Вернее всего, что профессор говорил слово «миндалики» сначала издевательски, а после привык, что же происходит с другими словами, пусть занимаются подобными исследованиями лингвисты, я же не конкурент им, как, впрочем, и не судья тем дамам, которые и по сию пору старательно поправляют людей в трамвае, всюду, стараясь привести язык русский в прежний благообразный вид, что им мало удается, и они замыкаются в страдальческой позе. По мне, так все слова принадлежат мне, и как могу, так и изъясняюсь, хоть высоким штилем, хоть низким, все мое…
Но это к слову.
Те наши с Олей настроения и выражения не были такой уж детской забавой и заблуждением, так как мы серьезно думали, что призваны сохранить русскую культуру и умножить ее. Именно поэтому происходила некоторая насмешливая манера изъясняться.

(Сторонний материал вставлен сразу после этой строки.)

(* Let $\Sigma$ be an alphabet and let $\mathcal P=(n,\Gamma,I,M,P,p_0,l)$ be a $\mathbb B\langle\Sigma\cup\{\epsilon\}\rangle$-$\omega$-pushdown automaton over $(\mathbb B\langle\langle\Sigma^*\rangle\rangle,\mathbb B\langle\langle\Sigma^\omega\rangle\rangle)$, with $l\in\{0,\dots,n\}$. Let $\sigma_{x_0}=I(M^* )_{p_0,\epsilon}P$ and $\tau_{z_0}=I(M^{\omega,l})_{p_0}$ be the $x_0$- and $z_0$-components of the solution of order $l$, regarded (via the isomorphism $\mathbb B\langle\langle\Sigma^*\rangle\rangle\times\mathbb B\langle\langle\Sigma^\omega\rangle\rangle\cong 2^{\Sigma^*}\times2^{\Sigma^\omega}$) as a language of finite words and a language of infinite words. Then $$L(G_l)=\sigma_{x_0}\cup\tau_{z_0}.$$
   Context: $\mathbb B=(\{0,1\},\vee,\wedge,{}^*,0,1)$ with $0^*=1^*=1$ is a complete star-omega semiring, and $(\mathbb B\langle\langle\Sigma^*\rangle\rangle,\mathbb B\langle\langle\Sigma^\omega\rangle\rangle)$ (power series over finite/infinite words, identified with languages) is a complete semiring-semimodule pair (infinite sums = unions, infinite products = concatenations). For a series $s$ and word $a$, $(s,a)$ is the coefficient of $a$ in $s$; $\mathbb B\langle\Sigma\cup\{\epsilon\}\rangle$ is the set of series with support in $\Sigma\cup\{\epsilon\}$. A pushdown transition matrix $M$ ($\Gamma^*\times\Gamma^*$ matrix with $n\times n$ blocks over $\mathbb B\langle\Sigma\cup\{\epsilon\}\rangle$) satisfies (i) for each $p\in\Gamma$ only finitely many blocks $M_{p,\pi}$ are nonzero, and (ii) $M_{\pi_1,\pi_2}=M_{p,\pi}$ if $\pi_1=p\pi'$, $\pi_2=\pi\pi'$ for some $p\in\Gamma$, $\pi,\pi'\in\Gamma^*$, and $0$ otherwise. The automaton consists of states $1,\dots,n$, pushdown alphabet $\Gamma$, such an $M$, $I\in(\mathbb B\langle\Sigma\cup\{\epsilon\}\rangle)^{1\times n}$, $P\in(\mathbb B\langle\Sigma\cup\{\epsilon\}\rangle)^{n\times 1}$, $p_0\in\Gamma$, $l$. $M^*=\sum_{m\ge0}M^m$ with blocks $(M^* )_{\pi,\pi'}$; with $P_l=\{(j_1,j_2,\dots)\in\{1,\dots,n\}^\omega\mid j_t\le l\text{ for infinitely many }t\}$, $((M^{\omega,l})_\pi)_i=\sum_{\pi_1,\pi_2,\ldots\in\Gamma^*}\sum_{(j_1,j_2,\ldots)\in P_l}(M_{\pi,\pi_1})_{i,j_1}(M_{\pi_1,\pi_2})_{j_1,j_2}\cdots$. The mixed context-free grammar $G_l=(X,Z,\Sigma,P_X,P_Z,x_0,z_0,l)$ has variables $X=\{x_0\}\cup\{[i,p,j]\mid 1\le i,j\le n,\ p\in\Gamma\}$ (for finite derivations), $Z=\{z_0\}\cup\{[i,p]\mid1\le i\le n,\ p\in\Gamma\}$ (for infinite derivations), and productions: $P_X$: $x_0\to a_1[m_1,p_0,m_2]a_2$ whenever $(I_{m_1},a_1)\ne0$, $(P_{m_2},a_2)\ne0$, $a_1,a_2\in\Sigma\cup\{\epsilon\}$; and $[i,p,j]\to a[m_1,p_1,m_2][m_2,p_2,m_3]\cdots[m_k,p_k,j]$ whenever $k\ge0$, $p_1,\dots,p_k\in\Gamma$, $1\le m_1,\dots,m_k\le n$, $a\in\Sigma\cup\{\epsilon\}$, $((M_{p,p_1\dots p_k})_{i,m_1},a)\ne0$ (for $k=0$ the production is $[i,p,j]\to a$ with $((M_{p,\epsilon})_{i,j},a)\ne0$). $P_Z$: $z_0\to a[m,p_0]$ whenever $(I_m,a)\ne0$, $a\in\Sigma\cup\{\epsilon\}$; and $[i,p]\to a[m_1,p_1,m_2]\cdots[m_{j-1},p_{j-1},m_j][m_j,p_j]$ whenever $k\ge1$, $1\le j\le k$, $p_1,\dots,p_k\in\Gamma$, $1\le m_1,\dots,m_j\le n$, $a\in\Sigma\cup\{\epsilon\}$, $((M_{p,p_1\dots p_k})_{i,m_1},a)\ne0$. Finite leftmost derivations $\Rightarrow_L^*$ with $P_X$ are as usual. An infinite derivation of $w\in\Sigma^\omega$ is a sequence $z_0\Rightarrow\alpha_0[i_0,q_0]\Rightarrow_L^*w_0[i_0,q_0]\Rightarrow w_0\alpha_1[i_1,q_1]\Rightarrow_L^*w_0w_1[i_1,q_1]\Rightarrow\cdots\Rightarrow_L^* w_0\cdots w_m[i_m,q_m]\Rightarrow w_0\cdots w_m\alpha_{m+1}[i_{m+1},q_{m+1}]\Rightarrow_L^*\cdots$ where $z_0\to\alpha_0[i_0,q_0]$ and $[i_m,q_m]\to\alpha_{m+1}[i_{m+1},q_{m+1}]$ are productions in $P_Z$, each $\alpha_m\Rightarrow_L^* w_m\in\Sigma^*$ is a finite leftmost derivation with $P_X$, and $w=w_0w_1w_2\cdots$. It is a derivation $z_0\Rightarrow_L^{\omega,l}w$ if, letting $i_m^1,\dots,i_m^{t_m}$ be the first components $i$ of the triple variables $[i,p,j]$ rewritten (in order) in $\alpha_m\Rightarrow_L^*w_m$, the sequence $i_0,i_1^1,\dots,i_1^{t_1},i_1,i_2^1,\dots,i_2^{t_2},i_2,\dots$ lies in $P_l$. Then $L(G_l)=\{w\in\Sigma^*\mid x_0\Rightarrow_L^*w\}\cup\{w\in\Sigma^\omega\mid z_0\Rightarrow_L^{\omega,l}w\}$. *)

theory Defs
  imports Main
begin

(* Conventions:
   - Sigma is the type 'a, the pushdown alphabet Gamma is the type 'g.
   - Elements of Sigma \<union> {eps} are 'a option (None = eps).  A series in
     B<Sigma \<union> {eps}> is identified with its support, an 'a option set.
   - States are the naturals 1..n.
   - The pushdown transition matrix M is given by its blocks
     Mb p \<pi> = M_{p,\<pi>} (an n x n matrix, entries Mb p \<pi> i j).
   - Finite words are 'a list, infinite words are nat \<Rightarrow> 'a. *)

definition oword :: "'a option \<Rightarrow> 'a list" where
  "oword a = (case a of None \<Rightarrow> [] | Some x \<Rightarrow> [x])"

(* infinite concatenation u 0 u 1 u 2 ... which is an omega-word w
   (requires infinitely many nonempty factors) *)
definition concat_inf :: "(nat \<Rightarrow> 'b list) \<Rightarrow> (nat \<Rightarrow> 'b) \<Rightarrow> bool" where
  "concat_inf u w \<longleftrightarrow>
     (\<forall>k. \<exists>m. k < (\<Sum>i<m. length (u i))) \<and>
     (\<forall>m t. t < length (u m) \<longrightarrow> w ((\<Sum>i<m. length (u i)) + t) = u m ! t)"

definition conc_fw :: "'a list \<Rightarrow> (nat \<Rightarrow> 'a) \<Rightarrow> (nat \<Rightarrow> 'a)" where
  "conc_fw u w = (\<lambda>t. if t < length u then u ! t else w (t - length u))"
lemma pos_triangle_cases:
  assumes "pos_triangle z1 z2 z3"
  obtains (up) z where "z \<in> TL_V"
      "(z1, z2, z3) = (z, z + 1, z + (1 + omega))
       \<or> (z2, z3, z1) = (z, z + 1, z + (1 + omega))
       \<or> (z3, z1, z2) = (z, z + 1, z + (1 + omega))"
  | (down) z where "z \<in> TL_V"
      "(z1, z2, z3) = (z, z + omega, z + (1 + omega))
       \<or> (z2, z3, z1) = (z, z + omega, z + (1 + omega))
       \<or> (z3, z1, z2) = (z, z + omega, z + (1 + omega))"
proof -
  define d1 d2 where "d1 = z2 - z1" and "d2 = z3 - z2"
  have units: "d1 \<in> {1, omega, -1 - omega}" "d2 \<in> {1, omega, -1 - omega}"
    "- d1 - d2 \<in> {1, omega, -1 - omega}"
    using assms unfolding pos_triangle_def d1_def d2_def omega_squared
    by (simp_all add: algebra_simps)
  have in_TL_V: "z1 \<in> TL_V" "z2 \<in> TL_V" "z3 \<in> TL_V"
    using assms TL_V_add_unit[of z1 "z2 - z1"] TL_V_add_unit[of z2 "z3 - z2"]
    unfolding pos_triangle_def by auto
  have "d1 \<noteq> d2"
  proof
    assume "d1 = d2"
    then show False
      using units(1,3) by (auto simp: omega_eq complex_eq_iff)
  qed
  then consider (a) "d1 = 1" "d2 = omega" | (b) "d1 = omega" "d2 = -1 - omega"
    | (c) "d1 = -1 - omega" "d2 = 1" | (d) "d1 = omega" "d2 = 1"
    | (e) "d1 = 1" "d2 = -1 - omega" | (f) "d1 = -1 - omega" "d2 = omega"
    using units(1,2) by blast
  moreover have z2: "z2 = z1 + d1" and z3: "z3 = z1 + d1 + d2"
    by (simp_all add: d1_def d2_def)
  ultimately show thesis
  proof cases
    case a
    show thesis using up[of z1] in_TL_V unfolding z2 z3 a by (simp add: algebra_simps)
  next
    case b
    show thesis using up[of z3] in_TL_V unfolding z2 z3 b by (simp add: algebra_simps)
  next
    case c
    show thesis using up[of z2] in_TL_V unfolding z2 z3 c by (simp add: algebra_simps)
  next
    case d
    show thesis using down[of z1] in_TL_V unfolding z2 z3 d by (simp add: algebra_simps)
  next
    case e
    show thesis using down[of z3] in_TL_V unfolding z2 z3 e by (simp add: algebra_simps)
  next
    case f
    show thesis using down[of z2] in_TL_V unfolding z2 z3 f by (simp add: algebra_simps)
  qed
qed

section \<open>Multi-ratios\<close>

definition hexagon_multiratio :: "(complex \<Rightarrow> complex) \<Rightarrow> complex \<Rightarrow> complex" where
  "hexagon_multiratio u z =
     multiratio (u (z + epsilon ^ 0)) (u (z + epsilon ^ 1)) (u (z + epsilon ^ 2))
                (u (z + epsilon ^ 3)) (u (z + epsilon ^ 4)) (u (z + epsilon ^ 5))"
lemma ccw_angle_polar:
  assumes "cmod z = 1"
  shows "0 \<le> ccw_angle (cis a) z" "ccw_angle (cis a) z < 2 * pi"
    and "cis (a + ccw_angle (cis a) z) = z"
proof -
  define w where "w = z / cis a"
  have "cmod w = 1"
    using assms by (simp add: w_def norm_divide)
  then have "w \<noteq> 0" by auto
  then have "cis (Arg w) = sgn w" by (rule cis_Arg)
  also have "sgn w = w" using \<open>cmod w = 1\<close> by (simp add: sgn_div_norm)
  finally have "cis (Arg w) = w" .
  moreover have "ccw_angle (cis a) z = Arg w \<or> ccw_angle (cis a) z = Arg w + 2 * pi"
    by (simp add: ccw_angle_def w_def Let_def)
  ultimately have "cis (ccw_angle (cis a) z) = w"
    using cis_add_2pi_multiple[of "Arg w" 1] by auto
  then show "cis (a + ccw_angle (cis a) z) = z"
    by (simp add: cis_mult[symmetric] w_def)
  show "0 \<le> ccw_angle (cis a) z" "ccw_angle (cis a) z < 2 * pi"
    using Arg_bounded[of w] by (auto simp: ccw_angle_def w_def Let_def)
qed

lemma image_cis_interval:
  assumes "x \<le> y" "y - x < 2 * pi"
  shows "cis ` {x..y} = {z. cmod z = 1 \<and> ccw_angle (cis x) z \<le> y - x}"
    and "cis ` {x..<y} = {z. cmod z = 1 \<and> ccw_angle (cis x) z < y - x}"
proof -
  have ccw: "ccw_angle (cis x) (cis t) = t - x" if "x \<le> t" "t < x + 2 * pi" for t
    using ccw_angle_cis[of "t - x" x] that by simp
  have polar: "z = cis (x + ccw_angle (cis x) z)" "0 \<le> ccw_angle (cis x) z" if "cmod z = 1" for z
    using ccw_angle_polar[OF that, of x] by auto
  show "cis ` {x..y} = {z. cmod z = 1 \<and> ccw_angle (cis x) z \<le> y - x}"
  proof (intro equalityI subsetI)
    fix z assume "z \<in> {z. cmod z = 1 \<and> ccw_angle (cis x) z \<le> y - x}"
    then show "z \<in> cis ` {x..y}"
      using polar[of z] by (intro image_eqI[of _ _ "x + ccw_angle (cis x) z"]) auto
  qed (use assms ccw in auto)
  show "cis ` {x..<y} = {z. cmod z = 1 \<and> ccw_angle (cis x) z < y - x}"
  proof (intro equalityI subsetI)
    fix z assume "z \<in> {z. cmod z = 1 \<and> ccw_angle (cis x) z < y - x}"
    then show "z \<in> cis ` {x..<y}"
      using polar[of z] by (intro image_eqI[of _ _ "x + ccw_angle (cis x) z"]) auto
  qed (use assms ccw in auto)
qed

lemma arc_cc_cis:
  assumes "x \<le> y" "y - x < 2 * pi"
  shows "arc_cc (cis x) (cis y) = cis ` {x..y}"
  using assms ccw_angle_cis[of "y - x" x] by (simp add: arc_cc_def image_cis_interval)

lemma arc_co_cis:
  assumes "x \<le> y" "y - x < 2 * pi"
  shows "arc_co (cis x) (cis y) = cis ` {x..<y}"
  using assms ccw_angle_cis[of "y - x" x] by (simp add: arc_co_def image_cis_interval)

lemma circle_eq_image_cis: "circle = cis ` {x..x + 2 * pi}"
proof (intro equalityI subsetI)
  fix z assume "z \<in> circle"
  then show "z \<in> cis ` {x..x + 2 * pi}"
    using ccw_angle_polar[of z x]
    by (intro image_eqI[of _ _ "x + ccw_angle (cis x) z"]) (auto simp: circle_def)
qed (auto simp: circle_def)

В настроении насмешливом старались побесить друг друга, и Фому в том числе, потому что он своими криво посаженными очками заведомо не нравился, и хотелось куснуть его и отскочить, пуститься наутек, ожидая, что он тоже будет кусаться и догонять, но он никогда не оборонялся, стоял в растерянности, глядя на нас с такой миной, будто говорил: «И вы тоже, как те сорванцы?» — и стеснялись его взгляда, который приобщал нас к его миру, теплому, домашнему, наполненному бабушками и тетушками, сестрами бабушек и тетушек, которым он приходился внучатым племянником, всеми любимый, единственный среди толпы тетушек-бабушек и собственно тетушек.
Мы легко себе представляли этот мирок, который воспитывал его без упреков и лишних наставлений и после отдал его на растерзание классу, полному неприятия и удальства, нетерпения и детского садизма, его, открытого всем и созданного ими для истязания. Он казался нашим хулиганчикам особенно привлекательным, он им казался непоротым — значит, надо пороть — и пороли, вымещая свои порки, выговаривая свои брани, отдавая всю боль, которую получили. А он только удивлялся, не сопротивлялся, и его удивление для них было особенно приятным — удивить его, который сам всех удивлял. А он нас удивлял, конечно, своим тактом, своей мягкостью и тем, что не утверждал себя.
Нам его тактичность была совсем не нужна. Нам нравилась некоторая бестактность. Мы даже имели свою формулу: «бестактный не значит — бездарный» — нравилась эта формула, и мы следовали ей, и только Фома озадачивал нас и возвращал к домашним наставлениям, слышанным нами дома, но не очень принятым нами, а через Фому куда больше. Потому что Фома был наш, совсем наш и даже — боялись себе сказать — лучше нас. Он не принадлежал ни нам, ни тем нашим хулиганчикам, и мы несколько страдали за него, человека легкого домашнего детства, попавшего в столь трудное положение.
Он в разные времена — разный. Вначале все тихие в классе и он — тихий из тихих, после начинали произрастать хулиганчики и приходить в класс готовыми из других классов много буйных, а Фома рядом с ними — удивленно-сосредоточенный, после — только сосредоточенный и победивший хулиганчиков своим эффектным способом. Он их озадачил и покорил, как озадачивал нас с Олей своими преумными словами, такими, как «трансцендентный», сердил этими словами и заставлял произносить их несколько раз, выворачивать наизнанку, так что выходило «транспорт детский», потом уж превращалось в «детский транс», что нам казалось необыкновенно смешным, и мы хохотали до истерики, действительно впадая в транс.